In this notebook, we'll use human-made music playlists to learn song embeddings. We'll treat a playlist as if it's a sentence and the songs it contains as words. We feed that to the word2vec algorithm which then learns embeddings for every song we have. These embeddings can then be used to recommend similar songs. This technique is used by Spotify, AirBnB, Alibaba, and others. It accounts for a vast portion of their user activity, user media consumption, and/or sales (in the case of Alibaba).

The [dataset we'll use](https://www.cs.cornell.edu/~shuochen/lme/data_page.html) was collected by Shuo Chen from Cornell University. The dataset contains playlists from hundreds of radio stations from around the US.

## Importing packages and dataset

In [None]:
import numpy as np
import pandas as pd
import gensim
from gensim.models import Word2Vec
from urllib import request
import warnings
warnings.filterwarnings('ignore')

The playlist dataset is a text file where every line represents a playlist. That playlist is basically a series of song IDs.

In [None]:
# Get the playlist dataset file
data = request.urlopen('https://storage.googleapis.com/maps-premium/dataset/yes_complete/train.txt')

# Parse the playlist dataset file. Skip the first two lines as
# they only contain metadata
lines = data.read().decode("utf-8").split('\n')[2:]

# Remove playlists with only one song
playlists = [s.rstrip().split() for s in lines if len(s.split()) > 1]
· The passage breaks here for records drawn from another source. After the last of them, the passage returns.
(* Let $G$ be a graph, let $D$ be a minimum dominating set of $G$ and $\gamma=|D|$, and let $\nabla$ be an integer with $\nabla>\nabla_1^B(G)$. Let $$\hat D=\{v\in V(G): \text{for all } A\subseteq D\setminus\{v\} \text{ with } N(v)\subseteq N[A] \text{ we have } |A|>2\nabla-1\}$$ and $$D_1=\{v\in V(G): \text{for all } A\subseteq V(G)\setminus\{v\} \text{ with } N(v)\subseteq N[A] \text{ we have } |A|>2\nabla-1\}.$$ Then $D_1\subseteq\hat D$ and $|D_1\setminus D|\le\rho(G)\cdot\gamma$.
   Context: Graphs are finite, undirected and simple. $N(v)$ is the open neighbourhood of $v$, $N[v]=N(v)\cup\{v\}$, and $N[A]=\bigcup_{a\in A}N[a]$. A dominating set is a set $D$ with $N[D]=V(G)$. A graph $H$ is a $1$-shallow minor of $G$ if it is obtained from $G$ by deleting vertices and edges and contracting pairwise vertex-disjoint connected subgraphs of radius at most $1$. $\nabla_1^B(G)$ is the maximum of $|E(H)|/|V(H)|$ over all bipartite $1$-shallow minors $H$ of $G$. The Hall ratio $\rho(G)$ is $\max\{|V(H)|/\alpha(H): H\subseteq G\}$, where $\alpha(H)$ is the size of a largest independent set of $H$. *)

theory Defs
  imports Complex_Main
begin

definition graph :: "'a set \<Rightarrow> ('a \<Rightarrow> 'a \<Rightarrow> bool) \<Rightarrow> bool" where
  "graph V E \<longleftrightarrow> finite V \<and> (\<forall>x y. E x y \<longrightarrow> x \<in> V \<and> y \<in> V \<and> x \<noteq> y \<and> E y x)"

definition nbhd :: "'a set \<Rightarrow> ('a \<Rightarrow> 'a \<Rightarrow> bool) \<Rightarrow> 'a \<Rightarrow> 'a set" where
  "nbhd V E v = {u \<in> V. E v u}"

definition cnbhd :: "'a set \<Rightarrow> ('a \<Rightarrow> 'a \<Rightarrow> bool) \<Rightarrow> 'a \<Rightarrow> 'a set" where
  "cnbhd V E v = insert v (nbhd V E v)"

definition cnbhd_set :: "'a set \<Rightarrow> ('a \<Rightarrow> 'a \<Rightarrow> bool) \<Rightarrow> 'a set \<Rightarrow> 'a set" where
  "cnbhd_set V E A = (\<Union>a\<in>A. cnbhd V E a)"

definition dominating :: "'a set \<Rightarrow> ('a \<Rightarrow> 'a \<Rightarrow> bool) \<Rightarrow> 'a set \<Rightarrow> bool" where
  "dominating V E D \<longleftrightarrow> D \<subseteq> V \<and> cnbhd_set V E D = V"

definition min_dominating :: "'a set \<Rightarrow> ('a \<Rightarrow> 'a \<Rightarrow> bool) \<Rightarrow> 'a set \<Rightarrow> bool" where
  "min_dominating V E D \<longleftrightarrow> dominating V E D \<and>
     (\<forall>D'. dominating V E D' \<longrightarrow> card D \<le> card D')"

definition num_edges :: "('a \<Rightarrow> 'a \<Rightarrow> bool) \<Rightarrow> nat" where
  "num_edges F = card {{u, v} | u v. F u v}"

definition bipartite :: "'a set \<Rightarrow> ('a \<Rightarrow> 'a \<Rightarrow> bool) \<Rightarrow> bool" where
  "bipartite W F \<longleftrightarrow> (\<exists>X Y. X \<union> Y = W \<and> X \<inter> Y = {} \<and>
     (\<forall>x\<in>X. \<forall>x'\<in>X. \<not> F x x') \<and> (\<forall>y\<in>Y. \<forall>y'\<in>Y. \<not> F y y'))"

text \<open>Model of a 1-shallow minor (W,F) of (V,E): each vertex c of the minor is the centre of
  a branch set B c of radius at most 1 around c (so B c is connected, contained in N[c]);
  branch sets are pairwise disjoint; every edge of the minor is witnessed by an edge of G
  between the two branch sets. Vertices of the minor are named by the centres of their
  branch sets (every 1-shallow minor is isomorphic to one of this form).\<close>
definition shallow_minor1 ::
  "'a set \<Rightarrow> ('a \<Rightarrow> 'a \<Rightarrow> bool) \<Rightarrow> 'a set \<Rightarrow> ('a \<Rightarrow> 'a \<Rightarrow> bool) \<Rightarrow> bool" where
  "shallow_minor1 V E W F \<longleftrightarrow> graph W F \<and> W \<subseteq> V \<and>
     (\<exists>B :: 'a \<Rightarrow> 'a set.
        (\<forall>c\<in>W. c \<in> B c \<and> B c \<subseteq> cnbhd V E c) \<and>
        (\<forall>c\<in>W. \<forall>d\<in>W. c \<noteq> d \<longrightarrow> B c \<inter> B d = {}) \<and>
        (\<forall>c d. F c d \<longrightarrow> (\<exists>x\<in>B c. \<exists>y\<in>B d. E x y)))"

text \<open>nabla_1^B(G): maximum edge density |E(H)|/|V(H)| over bipartite 1-shallow minors H
  (with at least one vertex; 0 if there are none).\<close>
definition nabla1B :: "'a set \<Rightarrow> ('a \<Rightarrow> 'a \<Rightarrow> bool) \<Rightarrow> real" where
  "nabla1B V E = Max (insert 0 {real (num_edges F) / real (card W) | W F.
      shallow_minor1 V E W F \<and> bipartite W F \<and> W \<noteq> {}})"

definition independent :: "'a set \<Rightarrow> ('a \<Rightarrow> 'a \<Rightarrow> bool) \<Rightarrow> 'a set \<Rightarrow> bool" where
  "independent W F I \<longleftrightarrow> I \<subseteq> W \<and> (\<forall>x\<in>I. \<forall>y\<in>I. \<not> F x y)"

definition alpha :: "'a set \<Rightarrow> ('a \<Rightarrow> 'a \<Rightarrow> bool) \<Rightarrow> nat" where
  "alpha W F = Max {card I | I. independent W F I}"

definition subgraph :: "'a set \<Rightarrow> ('a \<Rightarrow> 'a \<Rightarrow> bool) \<Rightarrow> 'a set \<Rightarrow> ('a \<Rightarrow> 'a \<Rightarrow> bool) \<Rightarrow> bool" where
  "subgraph V E W F \<longleftrightarrow> graph W F \<and> W \<subseteq> V \<and> (\<forall>x y. F x y \<longrightarrow> E x y)"

definition hall_ratio :: "'a set \<Rightarrow> ('a \<Rightarrow> 'a \<Rightarrow> bool) \<Rightarrow> real" where
  "hall_ratio V E = Max (insert 0 {real (card W) / real (alpha W F) | W F.
      subgraph V E W F \<and> W \<noteq> {}})"

end

theory Submission imports Defs begin

(* Let I be an independent set in D1 - D, so each N(v), v \<in> I, needs at least 2 nb
   dominators. Contracting every vertex outside I onto a dominator in D gives a
   bipartite 1-shallow minor on I \<union> D in which each v \<in> I is joined to the dominators of N(v),
   hence to at least 2 nb vertices. The density bound nabla1B < nb then yields
   2 nb |I| \<le> nb (|I| + |D|), i.e. |I| \<le> |D|. So the subgraph induced by D1 - D has
   independence number at most |D|, and the Hall ratio bounds |D1 - D| by rho |D|. *)

definition hard_to_dominate :: "'a set \<Rightarrow> ('a \<Rightarrow> 'a \<Rightarrow> bool) \<Rightarrow> 'a set \<Rightarrow> int \<Rightarrow> 'a set" where
  "hard_to_dominate V E S k =
     {v \<in> V. \<forall>A. A \<subseteq> S - {v} \<and> nbhd V E v \<subseteq> cnbhd_set V E A \<longrightarrow> int (card A) > k}"

lemma hard_to_dominate_antimono:
  "S \<subseteq> S' \<Longrightarrow> hard_to_dominate V E S' k \<subseteq> hard_to_dominate V E S k"
  unfolding hard_to_dominate_def by blast

definition bipartite_link :: "'a set \<Rightarrow> ('a \<Rightarrow> 'a set) \<Rightarrow> 'a \<Rightarrow> 'a \<Rightarrow> bool" where
  "bipartite_link I N x y \<longleftrightarrow> (x \<in> I \<and> y \<in> N x) \<or> (y \<in> I \<and> x \<in> N y)"


lemma finite_relations_on:
  assumes "finite V"
  shows "finite {F :: 'a \<Rightarrow> 'a \<Rightarrow> bool. \<forall>x y. F x y \<longrightarrow> x \<in> V \<and> y \<in> V}"
proof (rule finite_subset)
  show "{F :: 'a \<Rightarrow> 'a \<Rightarrow> bool. \<forall>x y. F x y \<longrightarrow> x \<in> V \<and> y \<in> V}
        \<subseteq> (\<lambda>S x y. (x, y) \<in> S) ` Pow (V \<times> V)"
    by (auto intro!: image_eqI[where x = "{(x, y). _ x y}"])
  show "finite ((\<lambda>S x y. (x, y) \<in> S) ` Pow (V \<times> V))"
    using assms by simp
qed

lemma finite_values_on_subrelations:
  assumes "finite V" and "\<And>W F. P W F \<Longrightarrow> W \<subseteq> V \<and> (\<forall>x y. F x y \<longrightarrow> x \<in> V \<and> y \<in> V)"
  shows "finite {f W F | W F. P W F}"
proof -
  have "{f W F | W F. P W F} \<subseteq> case_prod f ` (Pow V \<times> {F. \<forall>x y. F x y \<longrightarrow> x \<in> V \<and> y \<in> V})"
    using assms(2) by fastforce
  then show ?thesis
    by (rule finite_subset) (simp add: assms(1) finite_relations_on)
qed

lemma finite_hall_ratio_values:
  "graph V E \<Longrightarrow> finite {real (card W) / real (alpha W F) | W F. subgraph V E W F \<and> W \<noteq> {}}"
  by (rule finite_values_on_subrelations) (auto simp: graph_def subgraph_def)

lemma finite_nabla1B_values:
  "graph V E \<Longrightarrow> finite {real (num_edges F) / real (card W) | W F.
      shallow_minor1 V E W F \<and> bipartite W F \<and> W \<noteq> {}}"
  by (rule finite_values_on_subrelations) (auto simp: graph_def shallow_minor1_def)


lemma nabla1B_nonneg: "graph V E \<Longrightarrow> 0 \<le> nabla1B V E"
  unfolding nabla1B_def using finite_nabla1B_values by (intro Max_ge) auto

lemma num_edges_le_nabla1B:
  assumes "graph V E" "shallow_minor1 V E W F" "bipartite W F"
  shows "real (num_edges F) \<le> nabla1B V E * real (card W)"
proof (cases "W = {}")
  case True
  with assms(2) have "F = (\<lambda>x y. False)"
    by (auto simp: shallow_minor1_def graph_def)
  then show ?thesis by (simp add: num_edges_def True)
next
  case False
  have "finite W" using assms(2) by (simp add: shallow_minor1_def graph_def)
  with False have "0 < card W" by (simp add: card_gt_0_iff)
  moreover have "real (num_edges F) / real (card W) \<le> nabla1B V E"
    unfolding nabla1B_def using finite_nabla1B_values[OF assms(1)] assms False
    by (intro Max_ge) auto
  ultimately show ?thesis by (simp add: divide_le_eq)
qed

lemma num_edges_bipartite_link:
  assumes "finite I" "\<forall>v\<in>I. finite (N v)" "\<forall>v\<in>I. N v \<inter> I = {}"
  shows "num_edges (bipartite_link I N) = (\<Sum>v\<in>I. card (N v))"
proof -
  have edges: "{{u, v} | u v. bipartite_link I N u v} = (\<lambda>(v, d). {v, d}) ` Sigma I N"
    by (auto simp: bipartite_link_def insert_commute)
  have "inj_on (\<lambda>(v, d). {v, d}) (Sigma I N)"
    using assms(3) by (fastforce simp: inj_on_def doubleton_eq_iff)
  then show ?thesis
    unfolding num_edges_def edges using assms(1,2) by (simp add: card_image card_SigmaI)
qed

lemma graph_bipartite_link:
  assumes "finite I" "finite D" "I \<inter> D = {}" "\<forall>v\<in>I. N v \<subseteq> D"
  shows "graph (I \<union> D) (bipartite_link I N)"
  using assms unfolding graph_def bipartite_link_def by blast

lemma bipartite_bipartite_link:
  assumes "I \<inter> D = {}" "\<forall>v\<in>I. N v \<subseteq> D"
  shows "bipartite (I \<union> D) (bipartite_link I N)"
  unfolding bipartite_def
  by (rule exI[of _ I], rule exI[of _ D]) (use assms in \<open>auto simp: bipartite_link_def\<close>)


lemma dominating_obtains_dominator_map:
  assumes "dominating V E D"
  obtains g where "\<forall>u\<in>V. g u \<in> D \<and> u \<in> cnbhd V E (g u)" and "\<forall>d\<in>D. g d = d"
proof -
  have "\<forall>u\<in>V. \<exists>d\<in>D. u \<in> cnbhd V E d \<and> (u \<in> D \<longrightarrow> d = u)"
  proof
    fix u assume "u \<in> V"
    show "\<exists>d\<in>D. u \<in> cnbhd V E d \<and> (u \<in> D \<longrightarrow> d = u)"
    proof (cases "u \<in> D")
      case True
      then show ?thesis by (auto simp: cnbhd_def)
    next
      case False
      with \<open>u \<in> V\<close> assms show ?thesis by (auto simp: dominating_def cnbhd_set_def)
    qed
  qed
  then obtain g where "\<forall>u\<in>V. g u \<in> D \<and> u \<in> cnbhd V E (g u) \<and> (u \<in> D \<longrightarrow> g u = u)"
    by metis
  moreover have "D \<subseteq> V" using assms by (simp add: dominating_def)
  ultimately show ?thesis using that by blast
qed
The `playlists` variable now contains a python list. Each item in this list is a playlist containing song ids. We can look at the first two playlists here:

In [None]:
print( 'Playlist #1:\n ', playlists[0], '\n')
print( 'Playlist #2:\n ', playlists[1])

Playlist #1:
  ['0', '1', '2', '3', '4', '5', '6', '7', '8', '9', '10', '11', '12', '13', '14', '15', '16', '17', '18', '19', '20', '21', '22', '23', '24', '25', '26', '27', '28', '29', '30', '31', '32', '33', '34', '35', '36', '37', '38', '39', '40', '41', '2', '42', '43', '44', '45', '46', '47', '48', '20', '49', '8', '50', '51', '52', '53', '54', '55', '56', '57', '25', '58', '59', '60', '61', '62', '3', '63', '64', '65', '66', '46', '47', '67', '2', '48', '68', '69', '70', '57', '50', '71', '72', '53', '73', '25', '74', '59', '20', '46', '75', '76', '77', '59', '20', '43'] 

Playlist #2:
  ['78', '79', '80', '3', '62', '81', '14', '82', '48', '83', '84', '17', '85', '86', '87', '88', '74', '89', '90', '91', '4', '73', '62', '92', '17', '53', '59', '93', '94', '51', '50', '27', '95', '48', '96', '97', '98', '99', '100', '57', '101', '102', '25', '103', '3', '104', '105', '106', '107', '47', '108', '109', '110', '111', '112', '113', '25', '63', '62', '114', '115', '84', '116', '117',

## Training the Word2Vec Model
Our dataset is now in the shape the the Word2Vec model expects as input. We pass the dataset to the model, and set the following key parameters:
 * **vector_size**: Embedding size for the songs.
 * **window**: word2vec algorithm parameter -- maximum distance between the current and predicted word (song) within a sentence
 * **negative**: word2vec algorithm parameter -- Number of negative examples to use at each training step that the model needs to identify as noise


In [None]:
model = Word2Vec(playlists, vector_size=32, window=20, negative=50, min_count=1, workers=4)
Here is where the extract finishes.